Well it is a Christmas Miracle! Santa must be real because my Christmas gift has been coming true times 3! My dad has been flying through with colors for the paired donation and Trina gets her blood drawn on Tuesday AND her mom said if something falls through with her then she is up next she is O negative. This is the most amazing gift a person can give you and to give it to someone you have never met but knows that they can give you one of there spare parts just so you can have your life back....it is so hard for me to put in words. Today when I called Trina I had so much I wanted to say but I could not find the words and then I started crying and was just holding it in because I didn't want to be a basket case the first time we spoke. I just want all three of them to know that this means more to me then I can even explain. This is the best Christmas of my life and the most meaningful and now I can honestly say I know what the true meaning of giving is this year. Thank you so much for all of your support. I know we have all been waiting for this. Tonight when I called my mom and dad and told them about Trina's mom my mom was so happy she was so overwhelmed with joy she started crying and telling me this is all they wanted for Christmas. I love her so much and I felt what she was feeling right there in that moment. Thank you...

Sunday, December 12, 2010

Surprise


Well Saturday my mom called me and told me she wanted to take me out to lunch but didn't say where. Steven drove us to Macyo's I turned the corner and there was my entire family including my DAD!!!! I bursted into tears and ran to him. I was not expecting that in a million years. That was the best birthday present I could have ever asked for. I wish my step-mom could have been there but I know it is hard for both of them to leave because of the puppies. Even Char was there the little shit knew about it and didn't spill the beans her and I were both shocked...HAHAHA. Char even planned on us going to the game today which is fun but SO LOUD. My dad is also finishing his testing tomorrow so that right there is the best gift. It was really great to see my dad I miss him so much. OH and my sissy made the BEST cupcakes EVER! VANILLA BEAN!!!! It was great thought Aunt Debbie, Grandma and Grandpa Shelley, Grandpa Flynn, Lins,Shorty,Tommy,Nancy,Laura,Grady,Mikey,Char, and Sassy. This really was a great surprise and I will remember it forever. Well I am going to go to bed because my head is killing me from the game but here are some pictures. I will be back tomorrow with the news from my dad.

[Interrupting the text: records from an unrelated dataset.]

(* Let $\mathbf{u}$ be an $m$-dimensional unit vector with entries in $\mathcal{R}_{12}$ with $\mathrm{lde}(\mathbf{u})\geq 1$. Then there exists a sequence $G_1,\ldots,G_q$ of one-level operators of type $\zeta_{12}$ and two-level operators of type $X$ and $H'$ such that $\mathrm{lde}(G_1\cdots G_q\mathbf{u})<\mathrm{lde}(\mathbf{u})$.
   Context: $\zeta_{12}=e^{2\pi i/12}$, $\mathcal{R}_{12}$ is the smallest subring of $\mathbb{C}$ containing $1/2$ and $\zeta_{12}$, and $\mathbb{Z}[\zeta_{12}]$ the smallest subring containing $\zeta_{12}$. Let $\delta=1+i$. For a vector $\mathbf{u}$ over $\mathcal{R}_{12}$, $\mathrm{lde}(\mathbf{u})$ is the smallest $\ell\in\mathbb{N}$ such that $\delta^\ell\mathbf{u}$ has all entries in $\mathbb{Z}[\zeta_{12}]$. $X=\begin{bmatrix}0&1\\1&0\end{bmatrix}$, $H'=\frac{1+i}{2}\begin{bmatrix}1&1\\1&-1\end{bmatrix}$. The one-level operator $c_{[j]}$ of type $c$ is the $m\times m$ identity with $(j,j)$ entry replaced by $c$; the two-level operator $M_{[j,j']}$ ($j<j'$) of type $M\in\mathrm{M}_2(\mathbb{C})$ is the $m\times m$ identity with entries at $(j,j),(j,j'),(j',j),(j',j')$ replaced by $M_{1,1},M_{1,2},M_{2,1},M_{2,2}$. *)

theory Defs
  imports Complex_Main "Jordan_Normal_Form.Matrix"
begin

definition zeta12 :: complex where
  "zeta12 = exp (2 * pi * \<i> / 12)"

inductive_set Zzeta12 :: "complex set" where
  one: "1 \<in> Zzeta12"
| gen: "zeta12 \<in> Zzeta12"
| add: "x \<in> Zzeta12 \<Longrightarrow> y \<in> Zzeta12 \<Longrightarrow> x + y \<in> Zzeta12"
| neg: "x \<in> Zzeta12 \<Longrightarrow> - x \<in> Zzeta12"
| mult: "x \<in> Zzeta12 \<Longrightarrow> y \<in> Zzeta12 \<Longrightarrow> x * y \<in> Zzeta12"

inductive_set R12 :: "complex set" where
  one: "1 \<in> R12"
| half: "1/2 \<in> R12"
| gen: "zeta12 \<in> R12"
| add: "x \<in> R12 \<Longrightarrow> y \<in> R12 \<Longrightarrow> x + y \<in> R12"
| neg: "x \<in> R12 \<Longrightarrow> - x \<in> R12"
| mult: "x \<in> R12 \<Longrightarrow> y \<in> R12 \<Longrightarrow> x * y \<in> R12"

definition delta :: complex where
  "delta = 1 + \<i>"
lemma power_sum_nth_eq_0_above:
  fixes a b :: "'a::comm_ring_1 fps"
  assumes sum: "\<And>n. 1 < n \<Longrightarrow> (a + b) $ n = 0" and prod: "\<And>n. 2 < n \<Longrightarrow> (a * b) $ n = 0"
  shows "K < n \<Longrightarrow> (a ^ K + b ^ K) $ n = 0"
proof (induction K arbitrary: n rule: induct_nat_012)
  case 0
  then show ?case by (simp add: fps_numeral_nth)
next
  case 1
  then show ?case using sum[of n] by simp
next
  case (ge2 K)
  have "a ^ Suc (Suc K) + b ^ Suc (Suc K) = (a + b) * (a ^ Suc K + b ^ Suc K) - (a * b) * (a ^ K + b ^ K)"
    by (simp add: algebra_simps)
  moreover have "((a + b) * (a ^ Suc K + b ^ Suc K)) $ n = 0"
    using ge2 by (intro fps_mult_nth_eq_0_above[of 1 _ "Suc K"] sum) simp_all
  moreover have "((a * b) * (a ^ K + b ^ K)) $ n = 0"
    using ge2 by (intro fps_mult_nth_eq_0_above[of 2 _ K] prod) simp_all
  ultimately show ?case
    by simp
qed

lemma inverse_mult_shifted_sum_below:
  fixes G :: "'a::field fps"
  assumes "G $ 0 \<noteq> 0"
  shows "(\<Sum>l=0..a. inverse G $ (a - l) * fps_nth_int G (int l - int d)) = (if a = d then 1 else 0)"
proof -
  have "(\<Sum>l=0..a. inverse G $ (a - l) * fps_nth_int G (int l - int d))
      = (\<Sum>l=0..a. (fps_X ^ d * G) $ l * inverse G $ (a - l))"
    by (intro sum.cong) (simp_all add: fps_nth_int_diff fps_X_power_mult_nth)
  also have "\<dots> = (fps_X ^ d * G * inverse G) $ a"
    by (simp only: fps_mult_nth)
  also have "fps_X ^ d * G * inverse G = fps_X ^ d"
    using inverse_mult_eq_1'[OF assms] by (simp add: mult.assoc)
  finally show ?thesis by simp
qed

lemma inverse_mult_shifted_sum_above:
  fixes G :: "'a::field fps"
  assumes "G $ 0 \<noteq> 0" and "0 < e"
  shows "(\<Sum>l=0..a. inverse G $ (a - l) * G $ (l + e)) = - (\<Sum>u<e. G $ u * inverse G $ (a + e - u))"
proof -
  have "0 = (G * inverse G) $ (a + e)"
    using inverse_mult_eq_1'[OF assms(1)] assms(2) by simp
  also have "\<dots> = (\<Sum>w=0..<e. G $ w * inverse G $ (a + e - w))
                  + (\<Sum>w=e..<Suc (a + e). G $ w * inverse G $ (a + e - w))"
    unfolding fps_mult_nth atLeastLessThanSuc_atLeastAtMost[symmetric]
    by (rule sum.atLeastLessThan_concat[symmetric]) auto
  also have "(\<Sum>w=e..<Suc (a + e). G $ w * inverse G $ (a + e - w))
           = (\<Sum>l=0..a. inverse G $ (a - l) * G $ (l + e))"
    using sum.shift_bounds_nat_ivl[of "\<lambda>w. G $ w * inverse G $ (a + e - w)" 0 e "Suc a"]
    by (simp add: atLeastLessThanSuc_atLeastAtMost add.commute mult.commute)
  finally show ?thesis
    by (simp add: lessThan_atLeast0 eq_neg_iff_add_eq_0 add.commute)
qed

lemma inverse_one_minus_X_power_nth:
  "(inverse (1 - fps_X) ^ Suc k :: 'a::field_char_0 fps) $ n = of_nat ((n + k) choose k)"
proof -
  have "inverse (1 - fps_X) ^ Suc k = (inverse ((1 - fps_const 1 * fps_X) ^ Suc k) :: 'a fps)"
    by (simp only: fps_inverse_power fps_const_1_eq_1 mult_1_left)
  also have "\<dots> $ n = of_nat ((n + k) choose n)"
    by (subst one_minus_const_fps_X_neg_power') (simp_all add: add.commute)
  finally show ?thesis
    using binomial_symmetric[of k "n + k"] by simp
qed

section \<open>Hankel determinants of a series with constant term one\<close>

definition hankel_mat :: "nat \<Rightarrow> (nat \<Rightarrow> 'a) \<Rightarrow> 'a mat" where
  "hankel_mat n f = mat n n (\<lambda>(i,j). f (i + j))"

definition lower_toeplitz_mat :: "nat \<Rightarrow> (nat \<Rightarrow> 'a::zero) \<Rightarrow> 'a mat" where
  "lower_toeplitz_mat n f = mat n n (\<lambda>(i,j). if j \<le> i then f (i - j) else 0)"

definition upper_toeplitz_mat :: "nat \<Rightarrow> (nat \<Rightarrow> 'a::zero) \<Rightarrow> 'a mat" where
  "upper_toeplitz_mat n f = mat n n (\<lambda>(i,j). if i \<le> j then f (j - i) else 0)"

definition exchange_mat :: "nat \<Rightarrow> 'a::{zero,one} mat" where
  "exchange_mat n = mat n n (\<lambda>(i,j). if i + j + 1 = n then 1 else 0)"

lemma hankel_mat_carrier [simp]: "hankel_mat n f \<in> carrier_mat n n"
  by (simp add: hankel_mat_def)

lemma lower_toeplitz_mat_carrier [simp]: "lower_toeplitz_mat n f \<in> carrier_mat n n"
  by (simp add: lower_toeplitz_mat_def)

lemma upper_toeplitz_mat_carrier [simp]: "upper_toeplitz_mat n f \<in> carrier_mat n n"
  by (simp add: upper_toeplitz_mat_def)

lemma exchange_mat_carrier [simp]: "exchange_mat n \<in> carrier_mat n n"
  by (simp add: exchange_mat_def)

lemma prod_list_map_one: "prod_list (map (\<lambda>_. 1) xs) = (1::'a::monoid_mult)"
  by (induction xs) auto

lemma det_lower_toeplitz_mat:
  fixes f :: "nat \<Rightarrow> 'a::comm_ring_1"
  assumes "f 0 = 1"
  shows "det (lower_toeplitz_mat n f) = 1"
proof -
  have "det (lower_toeplitz_mat n f) = prod_list (diag_mat (lower_toeplitz_mat n f))"
    by (rule det_lower_triangular[OF _ lower_toeplitz_mat_carrier]) (auto simp: lower_toeplitz_mat_def)
  also have "diag_mat (lower_toeplitz_mat n f) = map (\<lambda>_. 1) [0..<n]"
    unfolding diag_mat_def by (rule map_cong) (auto simp: lower_toeplitz_mat_def assms)
  finally show ?thesis by (simp only: prod_list_map_one)
qed

lemma det_upper_toeplitz_mat:
  fixes f :: "nat \<Rightarrow> 'a::comm_ring_1"
  assumes "f 0 = 1"
  shows "det (upper_toeplitz_mat n f) = 1"
proof -
  have "det (upper_toeplitz_mat n f) = prod_list (diag_mat (upper_toeplitz_mat n f))"
    by (rule det_upper_triangular[OF _ upper_toeplitz_mat_carrier]) (auto simp: upper_triangular_def upper_toeplitz_mat_def)
  also have "diag_mat (upper_toeplitz_mat n f) = map (\<lambda>_. 1) [0..<n]"
    unfolding diag_mat_def by (rule map_cong) (auto simp: upper_toeplitz_mat_def assms)
  finally show ?thesis by (simp only: prod_list_map_one)
qed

Saturday, December 4, 2010

Saturday Night

Well it has been a long week! I was trying to re coupe from a extremely busy holiday. Meghan and Merrick came down for Thanksgiving which was great we played Cranium which was a blast. I didn't eat very much on Thanksgiving I was not feeling all that great. To be honest this whole week was a little rough but come to find out I was not feeling good because I was holding in fluid and that just made me feel like complete shit but it is going away with the 2.5 bags. My sissy Lins and I went shopping on Thursday which was so nice I missed her so much and am so excited that she moved back. Today we went to see Burlesque IT WAS WONDERFUL! Christina and Cher were fabulous! Since I had such a busy couple weeks tonight I am just resting, such a fun Saturday night. Maybe I will watch a movie and then go to bed I am pretty tired. Still have not heard anything new about the person who could possibly be a match, my dad's contract is almost finished so he will be down here soon to finish his testing. Derek and Treena are still 100% on board to still get testing done if something doesn't work out. I just think it is so amazing how people who have never met you are ready and willing to give you a part of them.